In other tournaments, Pléci tied for first with Bolbochán and Fenoglio at Buenos Aires 1930. He took second, behind Victor Soultanbeieff, at Liege 1930 (Quadrangular) and took twelfth at Liege 1930 (Savielly Tartakower won). In 1934/35, he took second, behind Luis Piazzini, in Buenos Aires (the 5th South American Chess Championship). In 1936, he won, ahead of Aaron Schwartzman, in the 3rd Torneo Internacional de Mar del Plata (the 6th Campeonato Sudamericano).

Pléci represented Argentina in three Chess Olympiads.
- In 1935, at third board in the 6th Olympiad in Warsaw (+9 –4 =6);
- In 1937, at first reserve board in the 7th Olympiad in Stockholm (+11 –0 =6);
- In 1939, at first reserve board in the 8th Olympiad in Buenos Aires (+14 –3 =2).
He won the individual gold medal at Buenos Aires 1939 and the bronze medal at Stockholm 1937. In the 1939 Olympiad, he played the following brilliancy against Lucius Endzelins of Latvia.
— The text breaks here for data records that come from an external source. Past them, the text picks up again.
lemma beta1_sstar_less_beta1_up:
  assumes "2*t^2 < 1" "tau1_poly n t \<noteq> 0"
  shows "beta1_sstar n t < beta1_up n t"
proof -
  have k: "0 < 1 - t^2" using assms(1) by simp
  have "DD n t - (beta1_sstar n t * (1-t^2)/2 - (n+1) - t)^2 = (1-t^2) * (tau1_poly n t)^2"
    by (simp add: DD_def beta1_sstar_def tau1_poly_def field_simps power2_eq_square)
  moreover have "0 < (1-t^2) * (tau1_poly n t)^2" using assms k by simp
  ultimately have "beta1_sstar n t * (1-t^2)/2 - (n+1) - t < sqrt (DD n t)"
    by (intro real_less_rsqrt) linarith
  then show ?thesis using k by (simp add: beta1_up_def field_simps)
qed

lemma beta2_low_less_beta2_star:
  assumes "0 < n + 1" "0 < t" "2*t^2 < 1" "0 < tau1_poly n t"
  shows "beta2_low n t < beta2_star n t"
proof -
  have k: "0 < 1 - t^2" using assms(3) by simp
  define gap where "gap = beta2_star n t * (1-t^2)/2 - 1 - t*(n+1)"
  have "gap = (1 - 2*t^2) + (n+1)*t*(3 - 4*t^2)"
    by (simp add: gap_def beta2_star_def field_simps power2_eq_square)
  moreover have "0 < (n+1) * t * (3 - 4*t^2)" using assms by simp
  ultimately have gap: "0 < gap" using assms(3) by linarith
  have "gap^2 - t^2 * DD n t = tau1_poly n t * (1-t^2) * (1 + 2*(n+1)*t)"
    by (simp add: gap_def DD_def beta2_star_def tau1_poly_def field_simps power2_eq_square)
  moreover have "0 < tau1_poly n t * (1-t^2) * (1 + 2*(n+1)*t)"
    using assms k by (simp add: add_pos_pos)
  ultimately have "t * sqrt (DD n t) < gap" using gap assms(2) by (intro mult_sqrt_less) auto
  then show ?thesis using k by (simp add: gap_def beta2_low_def field_simps)
qed

lemma beta2_star_less_beta2_up:
  assumes "2*t^2 < 1" "tau0_poly n t \<noteq> 0"
  shows "beta2_star n t < beta2_up n t"
proof -
  have k: "0 < 1 - t^2" using assms(1) by simp
  have "DD n t - (beta2_star n t * (1-t^2)/2 - 1 - t*(n+1))^2 = (1-t^2) * (tau0_poly n t)^2"
    by (simp add: DD_def beta2_star_def tau0_poly_def field_simps power2_eq_square)
  moreover have "0 < (1-t^2) * (tau0_poly n t)^2" using assms k by simp
  ultimately have "beta2_star n t * (1-t^2)/2 - 1 - t*(n+1) < sqrt (DD n t)"
    by (intro real_less_rsqrt) linarith
  then show ?thesis using k by (simp add: beta2_up_def field_simps)
qed

lemma first_interval_bounds:
  assumes "0 < n + 1" "tau0_1 n < t" "t < tau1_1 n"
  shows
   "(0 < beta2_star n t \<and> beta2_star n t \<le> beta2_up n t \<and>
       beta1_sstar n t = phi2_plus n t (beta2_star n t)) \<and>
    (0 < beta1_sstar n t \<and> beta1_sstar n t \<le> beta1_up n t \<and>
       beta2_star n t = phi1_plus n t (beta1_sstar n t)) \<and>
    4*(n+1) < beta1_low n t \<and>
    beta1_low n t < beta1_sstar n t \<and>
    beta1_sstar n t < beta1_up n t \<and>
    beta2_low n t < beta2_star n t \<and>
    beta2_star n t < beta2_up n t"
proof -
  have t: "0 < t" and f: "0 < tau0_poly n t" using tau0_poly_pos assms by auto
  have g: "0 < tau1_poly n t" using tau1_poly_pos assms t by simp
  have sq: "2*t^2 < 1" using square_less_half_if_tau1_poly_pos assms(1) t g .
  have "tau0_poly n t \<noteq> 0" "tau1_poly n t \<noteq> 0" using f g by simp_all
  have "0 < beta2_star n t" "0 < beta1_sstar n t"
    using assms(1) t by (simp_all add: beta2_star_def beta1_sstar_def add_pos_pos)
  moreover note
    phi2_plus_beta2_star[OF less_imp_le[OF f]] phi1_plus_beta1_sstar[OF less_imp_le[OF g]]
    four_n_plus_four_less_beta1_low[OF assms(1) t sq f] beta1_low_less_beta1_sstar[OF assms(1) t sq f]
    beta1_sstar_less_beta1_up[OF sq \<open>tau1_poly n t \<noteq> 0\<close>]
    beta2_low_less_beta2_star[OF assms(1) t sq g]
    beta2_star_less_beta2_up[OF sq \<open>tau0_poly n t \<noteq> 0\<close>]
  ultimately show ?thesis by auto
qed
Alekhine wrote in 107 Great Chess Battles of Pleci's 11. Rd8!!: "A truly brilliant conception which makes this a pearl from the Buenos Aires tournament.":

- 1. e4 e6 2. d4 d5 3. Nd2 c5 4. Ngf3 dxe4 5. Nxe4 Nd7?! 6. dxc5 Nxc5 ( 6... Bxc5 7. Nxc5 Qa5+! 8. c3 Qxc5 9. Be3 Qc7 ) 7. Qxd8+ Kxd8 8. Bg5+! f6 9. O-O-O+ Ke8 (9... Kc7 10. Nxc5 Bxc5 11. Bf4+) 10. Bb5+ Kf7 (10... Bd7 11. Nxc5 Bxb5 12. Nxe6) 11. Rd8!! Be7! (11... fxg5 12. Ne5+ Ke7 13. Re8#; 11... Nxe4 12. Ne5+! Ke7 (12... fxe5 13. Be8#) 13. Re8+ Kd6 14. Nf7+ Kc5 15. Rxf8 Nxg5 16. Nxh8) 12. Ne5+!! fxe5 13. Nd6+!! Kg6 ( 13... Bxd6 14. Be8+ Kf8 15. Bg6# ) 14. Bxe7 Nxe7 15. Rxh8 a6 16. Be2 e4 17. f4 b5 18. Re8! Kf6 19. Rf8+ Kg6 20. h4! Bb7 21. h5+

He was awarded the International Master (IM) title in 1965.